I got divorced.  It was 2001, very soon after 9/11, that my Ex and I split up.

Guess what I did not do?

I did not go to Italy.

Guess what else I did not do?

I did not go to India.

And what else didn’t I do?

I didn’t go to Indonesia.

Instead, I looked at public housing in the East Bay of the San Francisco area in California, because I didn’t understand how I would possibly afford the rent for me and my two daughters.  I applied for subsidized child care, and I went looking for a job.  Once, I threw my cordless phone So Hard across the room into a cement wall, after the bank told me it had decided to put a hold on my PAYCHECK, and so I couldn’t buy food.  You know, for me and my daughters.  They were 4 and 6.  Maybe 5 and 7.
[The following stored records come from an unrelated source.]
lemma abs_phi_sup_conv_le:
  assumes k: "\<kappa> > 0"
  shows "\<bar>phi_sup_conv \<kappa> x\<bar> \<le> phi_sup_norm"
proof -
  have "\<phi> x \<le> phi_sup_conv \<kappa> x" using phi_sup_conv_ge[OF k, of x 0] by simp
  moreover have "phi_sup_conv \<kappa> x \<le> \<phi> (x + sup_conv_arg \<kappa> x)"
    unfolding phi_sup_conv_def by simp
  ultimately show ?thesis
    using abs_phi_le[of x] abs_phi_le[of "x + sup_conv_arg \<kappa> x"] by linarith
qed

lemma phi_sup_conv_increment:
  assumes k: "\<kappa> > 0"
  shows "phi_sup_conv \<kappa> x + sup_conv_grad \<kappa> x \<bullet> d - (norm d)\<^sup>2 / (2 * \<kappa>\<^sup>2) \<le> phi_sup_conv \<kappa> (x + d)"
proof -
  define \<beta> where "\<beta> = sup_conv_arg \<kappa> x"
  have "\<phi> (x + d + (\<beta> - d)) - (norm (\<beta> - d))\<^sup>2 / (2 * \<kappa>\<^sup>2) \<le> phi_sup_conv \<kappa> (x + d)"
    by (rule phi_sup_conv_ge[OF k])
  moreover have "(norm (\<beta> - d))\<^sup>2 / (2 * \<kappa>\<^sup>2)
      = (norm \<beta>)\<^sup>2 / (2 * \<kappa>\<^sup>2) - sup_conv_grad \<kappa> x \<bullet> d + (norm d)\<^sup>2 / (2 * \<kappa>\<^sup>2)"
    using power2_norm_add[of \<beta> "- d"] k unfolding sup_conv_grad_def \<beta>_def by (simp add: field_simps)
  ultimately show ?thesis unfolding phi_sup_conv_def \<beta>_def by simp
qed

text \<open>At the maximiser a paraboloid touches \<open>\<phi>\<close> from above, so the supersolution
  inequality applies there with the gradient of that paraboloid.\<close>
lemma Lagrangian_ge_at_sup_conv_arg:
  assumes k: "\<kappa> > 0"
  shows "- (sup_conv_grad \<kappa> x \<bullet> u) - L (x + sup_conv_arg \<kappa> x) u \<le> Hbar"
proof -
  define \<beta> where "\<beta> = sup_conv_arg \<kappa> x"
  have "\<phi> (x + \<beta> + w) \<le> \<phi> (x + \<beta>) + sup_conv_grad \<kappa> x \<bullet> w + (1 / (2 * \<kappa>\<^sup>2)) * (norm w)\<^sup>2" for w
  proof -
    have "\<phi> (x + (\<beta> + w)) - (norm (\<beta> + w))\<^sup>2 / (2 * \<kappa>\<^sup>2) \<le> \<phi> (x + \<beta>) - (norm \<beta>)\<^sup>2 / (2 * \<kappa>\<^sup>2)"
      using phi_sup_conv_ge[OF k] unfolding phi_sup_conv_def \<beta>_def by blast
    moreover have "(norm (\<beta> + w))\<^sup>2 / (2 * \<kappa>\<^sup>2)
        = (norm \<beta>)\<^sup>2 / (2 * \<kappa>\<^sup>2) + sup_conv_grad \<kappa> x \<bullet> w + (1 / (2 * \<kappa>\<^sup>2)) * (norm w)\<^sup>2"
      using power2_norm_add[of \<beta> w] k unfolding sup_conv_grad_def \<beta>_def by (simp add: field_simps)
    ultimately show ?thesis by (simp add: add.assoc)
  qed
  then have "sup_conv_grad \<kappa> x \<in> hadamard_superdiff \<phi> (x + \<beta>)"
    by (intro quadratic_majorant_imp_hadamard_superdiff)
  then have "Ham L (x + \<beta>) (- sup_conv_grad \<kappa> x) \<le> Hbar" by (rule Ham_superdiff_le)
  then show ?thesis using Ham_ge[of "- sup_conv_grad \<kappa> x" u "x + \<beta>"] unfolding \<beta>_def by simp
qed

lemma Lagrangian_ge_near_sup_conv:
  assumes "\<eta> > 0"
  obtains \<delta> where "\<delta> > 0"
    "\<And>\<kappa> z z' u. \<kappa> > 0 \<Longrightarrow> dist z z' + 2 * lip_const * \<kappa>\<^sup>2 < \<delta> \<Longrightarrow>
       - Hbar - \<eta> - sup_conv_grad \<kappa> z' \<bullet> u \<le> L z u"
proof -
  obtain \<delta> where \<delta>: "\<delta> > 0"
    "\<And>z z' u. norm u \<le> speed_bound \<Longrightarrow> dist z z' < \<delta> \<Longrightarrow> \<bar>L z u - L z' u\<bar> < \<eta>"
    using uniformly_continuous_in_position[OF assms] by blast
  show ?thesis
  proof (rule that[OF \<delta>(1)])
    fix \<kappa> and z z' u :: 'a assume k: "\<kappa> > 0" and d: "dist z z' + 2 * lip_const * \<kappa>\<^sup>2 < \<delta>"
    define p where "p = sup_conv_grad \<kappa> z'"
    have "- (p \<bullet> u) \<le> 2 * lip_const * norm u"
      using Cauchy_Schwarz_ineq2[of p u, THEN abs_le_D2]
        mult_right_mono[OF sup_conv_grad_norm_le[OF k, of z'] norm_ge_zero[of u]]
      unfolding p_def by linarith
    moreover have "dist z (z' + sup_conv_arg \<kappa> z') < \<delta>"
      using dist_triangle[of z "z' + sup_conv_arg \<kappa> z'" z'] sup_conv_arg_norm_le[OF k, of z'] d
      by (simp add: dist_norm)
    ultimately show "- Hbar - \<eta> - p \<bullet> u \<le> L z u"
      using \<delta>(2)[of u z "z' + sup_conv_arg \<kappa> z'"] Lagrangian_ge_at_sup_conv_arg[OF k, of z' u]
        Lagrangian_gt_beyond_speed_bound[of u z' z] assms
      unfolding p_def by (cases "norm u \<le> speed_bound") auto
  qed
qed

lemma segment_cost_ge:
  assumes k: "\<kappa> > 0" and ab: "a \<le> b"
    and vint: "v integrable_on {a..b}" and nint: "(\<lambda>s. norm (v s)) integrable_on {a..b}"
    and Lint: "(\<lambda>s. L (x s) (v s)) integrable_on {a..b}"
    and incr: "x b = x a + integral {a..b} v" and small: "norm (x b - x a) \<le> \<theta>"
    and lower: "\<And>s. s \<in> {a..b} \<Longrightarrow> - Hbar - \<eta> - sup_conv_grad \<kappa> (x a) \<bullet> v s \<le> L (x s) (v s)"
  shows "(- Hbar - \<eta>) * (b - a) + phi_sup_conv \<kappa> (x a) - phi_sup_conv \<kappa> (x b)
      - \<theta> * integral {a..b} (\<lambda>s. norm (v s)) / (2 * \<kappa>\<^sup>2) \<le> integral {a..b} (\<lambda>s. L (x s) (v s))"
proof -
  define p where "p = sup_conv_grad \<kappa> (x a)"
  define D where "D = x b - x a"
  have D: "D = integral {a..b} v" using incr unfolding D_def by simp
  have pv: "(\<lambda>s. p \<bullet> v s) integrable_on {a..b}"
    using integrable_linear[OF vint bounded_linear_inner_right[of p]] by (simp add: o_def)
  have "integral {a..b} (\<lambda>s. - Hbar - \<eta> - p \<bullet> v s) \<le> integral {a..b} (\<lambda>s. L (x s) (v s))"
    using lower pv Lint unfolding p_def by (intro integral_le integrable_diff) auto
  moreover have "integral {a..b} (\<lambda>s. - Hbar - \<eta> - p \<bullet> v s) = (- Hbar - \<eta>) * (b - a) - p \<bullet> D"
    using ab pv integral_linear[OF vint bounded_linear_inner_right[of p]]
    by (subst integral_diff) (auto simp: D o_def)
  moreover have "phi_sup_conv \<kappa> (x a) + p \<bullet> D - (norm D)\<^sup>2 / (2 * \<kappa>\<^sup>2) \<le> phi_sup_conv \<kappa> (x b)"
    using phi_sup_conv_increment[OF k, of "x a" D] unfolding p_def D_def by simp
  moreover have "(norm D)\<^sup>2 \<le> \<theta> * integral {a..b} (\<lambda>s. norm (v s))"
  proof -
    have "norm D \<le> integral {a..b} (\<lambda>s. norm (v s))"
      unfolding D by (rule integral_norm_bound_integral[OF vint nint]) simp
    then show ?thesis
      using small order_trans[OF norm_ge_zero small] unfolding D_def power2_eq_square
      by (intro mult_mono) auto
  qed
  then have "(norm D)\<^sup>2 / (2 * \<kappa>\<^sup>2) \<le> \<theta> * integral {a..b} (\<lambda>s. norm (v s)) / (2 * \<kappa>\<^sup>2)"
    using k by (intro divide_right_mono) auto
  ultimately show ?thesis by linarith
qed

lemma partition_cost_ge:
  assumes k: "\<kappa> > 0" and P: "is_partition r (n, t)"
    and vint: "v integrable_on {0..r}" and nint: "(\<lambda>s. norm (v s)) integrable_on {0..r}"
    and Lint: "(\<lambda>s. L (x s) (v s)) integrable_on {0..r}"
    and xeq: "\<And>s. s \<in> {0..r} \<Longrightarrow> x s = y + integral {0..s} v"
    and small: "\<And>i. i < n \<Longrightarrow> norm (x (t (Suc i)) - x (t i)) \<le> \<theta>"
    and lower: "\<And>i s. i < n \<Longrightarrow> s \<in> {t i..t (Suc i)} \<Longrightarrow>
       - Hbar - \<eta> - sup_conv_grad \<kappa> (x (t i)) \<bullet> v s \<le> L (x s) (v s)"
  shows "(- Hbar - \<eta>) * r - 2 * phi_sup_norm - \<theta> * integral {0..r} (\<lambda>s. norm (v s)) / (2 * \<kappa>\<^sup>2)
    \<le> integral {0..r} (\<lambda>s. L (x s) (v s))"
proof -
  note tP = is_partitionD[OF P]
  have mono: "\<And>i. i < n \<Longrightarrow> t i \<le> t (Suc i)" using tP(4) by (simp add: less_imp_le)
  have sub: "{t i..t (Suc i)} \<subseteq> {0..r}" if "i < n" for i
    using partition_mono[OF P, of 0 i] partition_mono[OF P, of "Suc i" n] that tP by auto
  define G where "G i = phi_sup_conv \<kappa> (x (t i))" for i
  define NV where "NV i = integral {t i..t (Suc i)} (\<lambda>s. norm (v s))" for i
  have seg: "(- Hbar - \<eta>) * (t (Suc i) - t i) + (G i - G (Suc i)) - \<theta> * NV i / (2 * \<kappa>\<^sup>2)
      \<le> integral {t i..t (Suc i)} (\<lambda>s. L (x s) (v s))" if i: "i < n" for i
  proof -
    have ints: "v integrable_on {t i..t (Suc i)}" "(\<lambda>s. norm (v s)) integrable_on {t i..t (Suc i)}"
        "(\<lambda>s. L (x s) (v s)) integrable_on {t i..t (Suc i)}"
      using integrable_subinterval_real[OF _ sub[OF i]] vint nint Lint by blast+
    have incr: "x (t (Suc i)) = x (t i) + integral {t i..t (Suc i)} v"
      using sub[OF i] mono[OF i] by (intro integral_increment[OF vint xeq]) auto
    from segment_cost_ge[OF k mono[OF i] ints incr small[OF i] lower[OF i]]
    show ?thesis unfolding G_def NV_def by simp
  qed
  define A where "A i = (- Hbar - \<eta>) * (t (Suc i) - t i)" for i
  define B where "B i = G i - G (Suc i)" for i
  define C where "C i = \<theta> * NV i / (2 * \<kappa>\<^sup>2)" for i
  have "sum A {..<n} + sum B {..<n} - sum C {..<n} = (\<Sum>i<n. A i + B i - C i)"
    by (simp add: sum.distrib sum_subtractf)
  also have "\<dots> \<le> (\<Sum>i<n. integral {t i..t (Suc i)} (\<lambda>s. L (x s) (v s)))"
    using seg unfolding A_def B_def C_def by (intro sum_mono) simp
  also have "\<dots> = integral {0..r} (\<lambda>s. L (x s) (v s))"
    using integral_partition_sum[of n t, OF mono, of "\<lambda>s. L (x s) (v s)"] Lint tP by simp
  finally have "sum A {..<n} + sum B {..<n} - sum C {..<n} \<le> integral {0..r} (\<lambda>s. L (x s) (v s))" .
  moreover have "sum A {..<n} = (- Hbar - \<eta>) * r"
    unfolding A_def using tP by (simp add: sum_distrib_left[symmetric] sum_lessThan_telescope)
  moreover have "sum B {..<n} = G 0 - G n" unfolding B_def by (rule sum_lessThan_telescope')
  moreover have "sum C {..<n} = \<theta> * integral {0..r} (\<lambda>s. norm (v s)) / (2 * \<kappa>\<^sup>2)"
    using integral_partition_sum[of n t, OF mono, of "\<lambda>s. norm (v s)"] nint tP
    unfolding C_def NV_def by (simp add: sum_distrib_left sum_divide_distrib)
  ultimately show ?thesis
    using abs_phi_sup_conv_le[OF k, of "x (t 0)"] abs_phi_sup_conv_le[OF k, of "x (t n)"]
    unfolding G_def by linarith
qed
I didn’t wallow and wax on and on about how “loneliness” kept crawling into bed with me.  I didn’t spend a YEAR focusing on myself, and my every inner thought.  And whining about it.

I mean, come on.  “Post Divorce Globe Trotting?”

I really don’t give a shit.

I’m going to see the Expendables, instead.

(And yes, the book also pissed me off.  I’m sure moreso.  Unless this movie has a voice-over, it can’t be as painful as the book was.)

(Oh, and also?  I’m resentful that the above-expressed hatred for Eat Pray Love means that I have to miss out on Javier Bardem.  I think he is awesome.)